Distributed Finetuning with Trainer

Hi,
I am working on a docker instance with 4 X 40GB a100 cards. On a single 40GB card I am unable to fit a single sample through the model for finetuning, so I am trying to finetune with sharding to split the model layers across the cards.
I have my own script using the trainer, like below and execute it with python -m torch.distributed.launch --nproc_per_node 4.

When running the script I can see that the model is split across the 4 GPUs with the fsdp setting below.
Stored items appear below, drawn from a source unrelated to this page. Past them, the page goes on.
lemma disagreement_drop:
  assumes "ts n \<le> p" "p + \<tau>D \<le> ts (Suc n)" "i < N" "j < N"
    and "amin \<le> \<alpha> (\<sigma> (ts n)) i j" "0 \<le> c"
    and far: "\<forall>q\<in>{p..p+\<tau>D}. c \<le> \<bar>y i q - y j q\<bar>"
  shows "disagreement (p + \<tau>D) \<le> disagreement p - amin * c\<^sup>2 * \<tau>D"
proof -
  have p: "0 \<le> p" using ts_nonneg[of n] assms(1) by simp
  have "disagreement (p + \<tau>D) + amin * c\<^sup>2 * (p + \<tau>D) \<le> disagreement p + amin * c\<^sup>2 * p"
  proof (rule DERIV_nonpos_imp_le_off_finite[where F = "{}"
        and g = "\<lambda>s. disagreement s + amin * c\<^sup>2 * s" and g' = "\<lambda>s. - dissipation s + amin * c\<^sup>2 * 1"])
    show "continuous_on {p..p + \<tau>D} (\<lambda>s. disagreement s + amin * c\<^sup>2 * s)"
      unfolding disagreement_def[abs_def] using p
      by (intro continuous_intros continuous_on_subset[OF y_continuous]) auto
    fix s assume "s \<in> {p<..<p + \<tau>D} - {}"
    then have s: "p < s" "s < p + \<tau>D" by auto
    then have sn: "ts n < s" "s < ts (Suc n)" using assms(1,2) by auto
    then have s0: "0 < s" "s \<notin> range ts" using ts_nonneg[of n] not_switching_time by auto
    show "((\<lambda>s. disagreement s + amin * c\<^sup>2 * s) has_real_derivative
        - dissipation s + amin * c\<^sup>2 * 1) (at s)"
      by (intro DERIV_add DERIV_cmult disagreement_deriv s0 DERIV_ident)
    have "c\<^sup>2 \<le> (y i s - y j s)\<^sup>2"
      using far s assms(6) by (metis atLeastAtMost_iff less_imp_le power2_abs power_mono)
    moreover have "amin \<le> \<alpha> (\<sigma> s) i j" "0 \<le> \<alpha> (\<sigma> s) i j"
      using assms(5) sigma_const[of n s] sn weights_nonneg sigma_in_S[of s] s0 by auto
    ultimately have "amin * c\<^sup>2 \<le> \<alpha> (\<sigma> s) i j * (y i s - y j s)\<^sup>2"
      by (meson mult_mono zero_le_power2 order_trans)
    then show "- dissipation s + amin * c\<^sup>2 * 1 \<le> 0"
      using dissipation_ge_term[of s i j] s0 assms(3,4) by simp
  qed (use dwell_pos in auto)
  then show ?thesis by (simp add: algebra_simps)
qed

text \<open>An edge of the union graph is active on a dwell interval inside the window; if its ends stayed
  \<open>c\<close>-apart throughout, the disagreement would drop by at least \<open>amin c\<^sup>2 \<tau>D\<close>.\<close>
lemma union_edge_agrees_in_window:
  assumes amin: "\<forall>k\<in>S. \<forall>i<N. \<forall>j<N. \<alpha> k i j > 0 \<longrightarrow> amin \<le> \<alpha> k i j"
    and edge: "(j, i) \<in> union_edges N \<alpha> \<sigma> t T" and "\<tau>D \<le> t" "0 \<le> c"
    and small: "disagreement (t - \<tau>D) - disagreement (t + T + \<tau>D) < amin * c\<^sup>2 * \<tau>D"
  obtains q where "t - \<tau>D \<le> q" "q \<le> t + T + \<tau>D" "\<bar>y i q - y j q\<bar> < c"
proof -
  obtain s where ij: "i < N" "j < N" and s: "t \<le> s" "s < t + T" and active: "\<alpha> (\<sigma> s) i j > 0"
    using edge unfolding union_edges_def by auto
  obtain n where n: "ts n \<le> s" "s < ts (Suc n)"
    using switching_interval[of s] s assms(3) dwell_pos by force
  define p where "p = max (ts n) (s - \<tau>D)"
  have p: "ts n \<le> p" "p + \<tau>D \<le> ts (Suc n)" "t - \<tau>D \<le> p" "p \<le> s"
    using ts_Suc_ge[of n] n s dwell_pos by (auto simp: p_def)
  have "amin \<le> \<alpha> (\<sigma> (ts n)) i j"
    using amin active sigma_const[OF n] sigma_in_S[OF ts_nonneg[of n]] ij by auto
  then have "\<not> (\<forall>q\<in>{p..p+\<tau>D}. c \<le> \<bar>y i q - y j q\<bar>)"
  proof (intro notI)
    assume "\<forall>q\<in>{p..p+\<tau>D}. c \<le> \<bar>y i q - y j q\<bar>"
    then have "disagreement (p + \<tau>D) \<le> disagreement p - amin * c\<^sup>2 * \<tau>D"
      using disagreement_drop[OF p(1,2) ij] \<open>amin \<le> _\<close> \<open>0 \<le> c\<close> by blast
    moreover have "disagreement p \<le> disagreement (t - \<tau>D)"
      "disagreement (t + T + \<tau>D) \<le> disagreement (p + \<tau>D)"
      using disagreement_antimono[of "t - \<tau>D" p] disagreement_antimono[of "p + \<tau>D" "t + T + \<tau>D"]
        p s assms(3) dwell_pos by auto
    ultimately show False using small by linarith
  qed
  then obtain q where "p \<le> q" "q \<le> p + \<tau>D" "\<bar>y i q - y j q\<bar> < c" by (auto simp: not_le)
  then show ?thesis using p s by (intro that[of q]) auto
qed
However, the per_device_train_batch_size loads 4 samples (1 per card) in each step so I get an OOM. I am wondering is it possible to only load one sample total in each step when using 4GPUs, instead of one sample per card.

Let me know if it is better to post this in the pytorch forums.

Thanks!

P.s. I initially asked this question on a model Communities tab here, but I guess it is better suited to the forums.
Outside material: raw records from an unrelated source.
lemma finite_ternary_partitions: "finite (ternary_partitions n)"
proof (rule finite_subset)
  show "ternary_partitions n \<subseteq> (\<Union>s\<le>n. multisets_of_size {..n} s)"
  proof
    fix lam assume lam: "lam \<in> ternary_partitions n"
    have "set_mset lam \<subseteq> {..n}"
      using ternary_partition_parts[OF lam] pow3_exps_def by fastforce
    moreover have "size lam \<le> n"
      using parts_ge_ternary_partition_le[OF lam, of 0] parts_ge_one_ternary_partition[OF lam] by simp
    ultimately show "lam \<in> (\<Union>s\<le>n. multisets_of_size {..n} s)"
      by (auto simp: multisets_of_size_def)
  qed
qed auto

definition gcd_exponent :: "nat \<Rightarrow> nat \<Rightarrow> nat" where
  "gcd_exponent n j = (\<Sum>k\<in>{k\<in>pow3_exps n. j < k}. n div 3 ^ k)"

definition excess_exponent :: "nat \<Rightarrow> nat multiset \<Rightarrow> nat \<Rightarrow> nat" where
  "excess_exponent n lam j = n div 3 ^ j - parts_ge (3 ^ j) lam"

lemma cyclo_exponent_ternary_partition:
  assumes lam: "lam \<in> ternary_partitions n" and j: "j \<in> pow3_exps n"
  shows "(\<Sum>k\<in>{k\<in>pow3_exps n. j \<le> k}. n div 3 ^ k - count lam (3 ^ k))
    = gcd_exponent n j + excess_exponent n lam j"
proof -
  have "(\<Sum>k\<in>{k\<in>pow3_exps n. j \<le> k}. n div 3 ^ k - count lam (3 ^ k))
      = (\<Sum>k\<in>{k\<in>pow3_exps n. j \<le> k}. n div 3 ^ k)
        - (\<Sum>k\<in>{k\<in>pow3_exps n. j \<le> k}. count lam (3 ^ k))"
    using count_ternary_partition_le[OF lam] by (intro sum_subtractf_nat) auto
  also have "(\<Sum>k\<in>{k\<in>pow3_exps n. j \<le> k}. count lam (3 ^ k)) = parts_ge (3 ^ j) lam"
    using ternary_partition_parts[OF lam] finite_pow3_exps
    by (intro sum_count_pow3_eq_parts_ge) auto
  also have "(\<Sum>k\<in>{k\<in>pow3_exps n. j \<le> k}. n div 3 ^ k) = n div 3 ^ j + gcd_exponent n j"
  proof -
    have "{k\<in>pow3_exps n. j \<le> k} = insert j {k\<in>pow3_exps n. j < k}"
      using j by auto
    then show ?thesis using finite_pow3_exps by (simp add: gcd_exponent_def)
  qed
  finally show ?thesis
    using parts_ge_ternary_partition_le[OF lam, of j] by (simp add: excess_exponent_def)
qed

lemma h_T_eq_prod_cyclo:
  assumes "lam \<in> ternary_partitions n"
  shows "h_T n lam = (\<Prod>j\<in>pow3_exps n. cyclo j ^ (gcd_exponent n j + excess_exponent n lam j))"
  unfolding h_T_eq_prod_cyclo_sum
  using cyclo_exponent_ternary_partition[OF assms] by (intro prod.cong) auto

definition greedy_ternary_partition :: "nat \<Rightarrow> nat \<Rightarrow> nat multiset" where
  "greedy_ternary_partition n j = replicate_mset (n div 3 ^ j) (3 ^ j) + replicate_mset (n mod 3 ^ j) 1"

lemma greedy_ternary_partition_in: "greedy_ternary_partition n j \<in> ternary_partitions n"
proof -
  have "\<forall>x\<in>#greedy_ternary_partition n j. \<exists>k. x = 3 ^ k"
    by (auto simp: greedy_ternary_partition_def intro: exI[of _ 0])
  then show ?thesis
    by (simp add: ternary_partitions_def greedy_ternary_partition_def div_mult_mod_eq)
qed

lemma excess_exponent_greedy_ternary_partition:
  "excess_exponent n (greedy_ternary_partition n j) j = 0"
  by (cases j) (simp_all add: excess_exponent_def greedy_ternary_partition_def)

section \<open>The gcd and the numerator\<close>

lemma G_T_eq_prod_cyclo:
  "G_T n = (\<Prod>j\<in>pow3_exps n. cyclo j ^ gcd_exponent n j)"
proof -
  have "h_T n ` ternary_partitions n
      = (\<lambda>lam. \<Prod>j\<in>pow3_exps n. cyclo j ^ (gcd_exponent n j + excess_exponent n lam j))
          ` ternary_partitions n"
    by (rule image_cong) (simp_all add: h_T_eq_prod_cyclo)
  also have "Gcd \<dots> = normalize (\<Prod>j\<in>pow3_exps n. cyclo j ^ gcd_exponent n j)"
  proof (rule Gcd_prod_coprime_powers)
    show "\<exists>lam\<in>ternary_partitions n. excess_exponent n lam j = 0" for j
      using greedy_ternary_partition_in excess_exponent_greedy_ternary_partition by blast
  qed (use finite_pow3_exps greedy_ternary_partition_in coprime_cyclo cyclo_nonzero in blast)+
  also have "\<dots> = (\<Prod>j\<in>pow3_exps n. cyclo j ^ gcd_exponent n j)"
    by (simp add: normalize_monic lead_coeff_prod lead_coeff_power lead_coeff_cyclo)
  finally show ?thesis by (simp add: G_T_def)
qed

lemma num_T_eq_sum_prod_cyclo:
  "num_T n = (\<Sum>lam\<in>ternary_partitions n. \<Prod>j\<in>pow3_exps n. cyclo j ^ excess_exponent n lam j)"
proof -
  have "(\<Sum>lam\<in>ternary_partitions n. h_T n lam)
      = G_T n * (\<Sum>lam\<in>ternary_partitions n. \<Prod>j\<in>pow3_exps n. cyclo j ^ excess_exponent n lam j)"
    by (simp add: G_T_eq_prod_cyclo h_T_eq_prod_cyclo sum_distrib_left power_add prod.distrib)
  moreover have "G_T n \<noteq> 0"
    using finite_pow3_exps cyclo_nonzero by (simp add: G_T_eq_prod_cyclo)
  ultimately show ?thesis by (simp add: num_T_def)
qed

lemma excess_exponent_all_ones:
  "excess_exponent n (replicate_mset n 1) j = (if j = 0 then 0 else n div 3 ^ j)"
  using power_le_one_iff[of "3::nat" j] by (auto simp: excess_exponent_def)

lemma excess_exponent_0_pos:
  assumes "lam \<in> ternary_partitions n" "lam \<noteq> replicate_mset n 1"
  shows "excess_exponent n lam 0 > 0"
proof -
  have "size lam \<le> n"
    using parts_ge_ternary_partition_le[OF assms(1), of 0] parts_ge_one_ternary_partition[OF assms(1)]
    by simp
  moreover have "size lam \<noteq> n"
  proof
    assume "size lam = n"
    moreover have "\<forall>x\<in>#lam. 1 \<le> x" "sum_mset lam = n"
      using assms(1) by (auto simp: ternary_partitions_def)
    ultimately show False
      using size_eq_sum_mset_imp_replicate_one[of lam] assms(2) by simp
  qed
  ultimately show ?thesis
    using parts_ge_one_ternary_partition[OF assms(1)] by (simp add: excess_exponent_def)
qed

lemma sum_div_pow3_exps_eq_legendre:
  "(\<Sum>j\<in>pow3_exps n - {0}. n div 3 ^ j) = (\<Sum>k=1..n. n div 3 ^ k)"
proof (rule sum.mono_neutral_left)
  show "pow3_exps n - {0} \<subseteq> {1..n}" using pow3_exps_le by auto
  show "\<forall>k\<in>{1..n} - (pow3_exps n - {0}). n div 3 ^ k = 0"
    by (auto simp: pow3_exps_def div_eq_0_iff)
qed simp

lemma poly_num_T_minus_one:
  assumes "n \<ge> 1"
  shows "poly (num_T n) (-1) = 3 ^ (\<Sum>k=1..n. n div 3 ^ k)"
proof -
  define K where "K = pow3_exps n"
  define ones where "ones = replicate_mset n (1::nat)"
  define val where "val lam = (\<Prod>j\<in>K. poly (cyclo j) (-1) ^ excess_exponent n lam j)" for lam
  have "0 \<in> K" using assms by (simp add: K_def pow3_exps_def)
  have ones_in: "ones \<in> ternary_partitions n"
    using greedy_ternary_partition_in[of n 0] by (simp add: ones_def greedy_ternary_partition_def)
  have "val lam = 0" if "lam \<in> ternary_partitions n" "lam \<noteq> ones" for lam
  proof -
    have "poly (cyclo 0) (-1) ^ excess_exponent n lam 0 = 0"
      using excess_exponent_0_pos[OF that[unfolded ones_def]] by (simp add: poly_cyclo_minus_one)
    then show ?thesis unfolding val_def using \<open>0 \<in> K\<close> finite_pow3_exps K_def by (metis prod_zero_iff)
  qed
  then have "poly (num_T n) (-1) = val ones"
    using ones_in finite_ternary_partitions
    by (simp add: num_T_eq_sum_prod_cyclo poly_sum poly_prod val_def K_def sum.remove)
  also have "val ones = (\<Prod>j\<in>K. poly (cyclo j) (-1) ^ (if j = 0 then 0 else n div 3 ^ j))"
    unfolding val_def ones_def excess_exponent_all_ones ..
  also have "\<dots> = (\<Prod>j\<in>K - {0}. 3 ^ (n div 3 ^ j))"
    using \<open>0 \<in> K\<close> finite_pow3_exps K_def by (simp add: prod.remove poly_cyclo_minus_one)
  also have "\<dots> = 3 ^ (\<Sum>j\<in>K - {0}. n div 3 ^ j)"
    by (simp add: power_sum)
  also have "\<dots> = 3 ^ (\<Sum>k=1..n. n div 3 ^ k)"
    by (simp only: K_def sum_div_pow3_exps_eq_legendre)
  finally show ?thesis .
qed

lemma poly_num_T_minus_one_eq_multiplicity:
  "n \<ge> 1 \<Longrightarrow> poly (num_T n) (-1) = 3 ^ multiplicity (3::nat) (fact n)"
  by (simp add: poly_num_T_minus_one legendre_multiplicity_fact)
training_args = TrainingArguments(
    output_dir=args.outdir,
    overwrite_output_dir=True,
    save_total_limit=1,
    do_train=True,
    do_eval=False,
    do_predict=True,
    num_train_epochs=args.epochs,              # total number of training epochs
    per_device_train_batch_size=1,  # batch size per device during training
    per_device_eval_batch_size=1,   # batch size for evaluation
    gradient_accumulation_steps = 256,
    warmup_ratio=0.1,                # number of warmup steps for learning rate scheduler
    weight_decay=0.01,               # strength of weight decay
    logging_dir=args.logdir,            # directory for storing logs
    logging_steps=10,
    evaluation_strategy="epoch",
    save_strategy="epoch",
    load_best_model_at_end=True,
    report_to="none",
    learning_rate=args.learning_rate,
    seed=99,
    local_rank=os.environ['LOCAL_RANK'],
    dataloader_num_workers = 16,
    gradient_checkpointing=True,
    lr_scheduler_type="cosine",
    fsdp='shard_grad_op', 
    fp16 = True if platform.system()!='Darwin' else False
)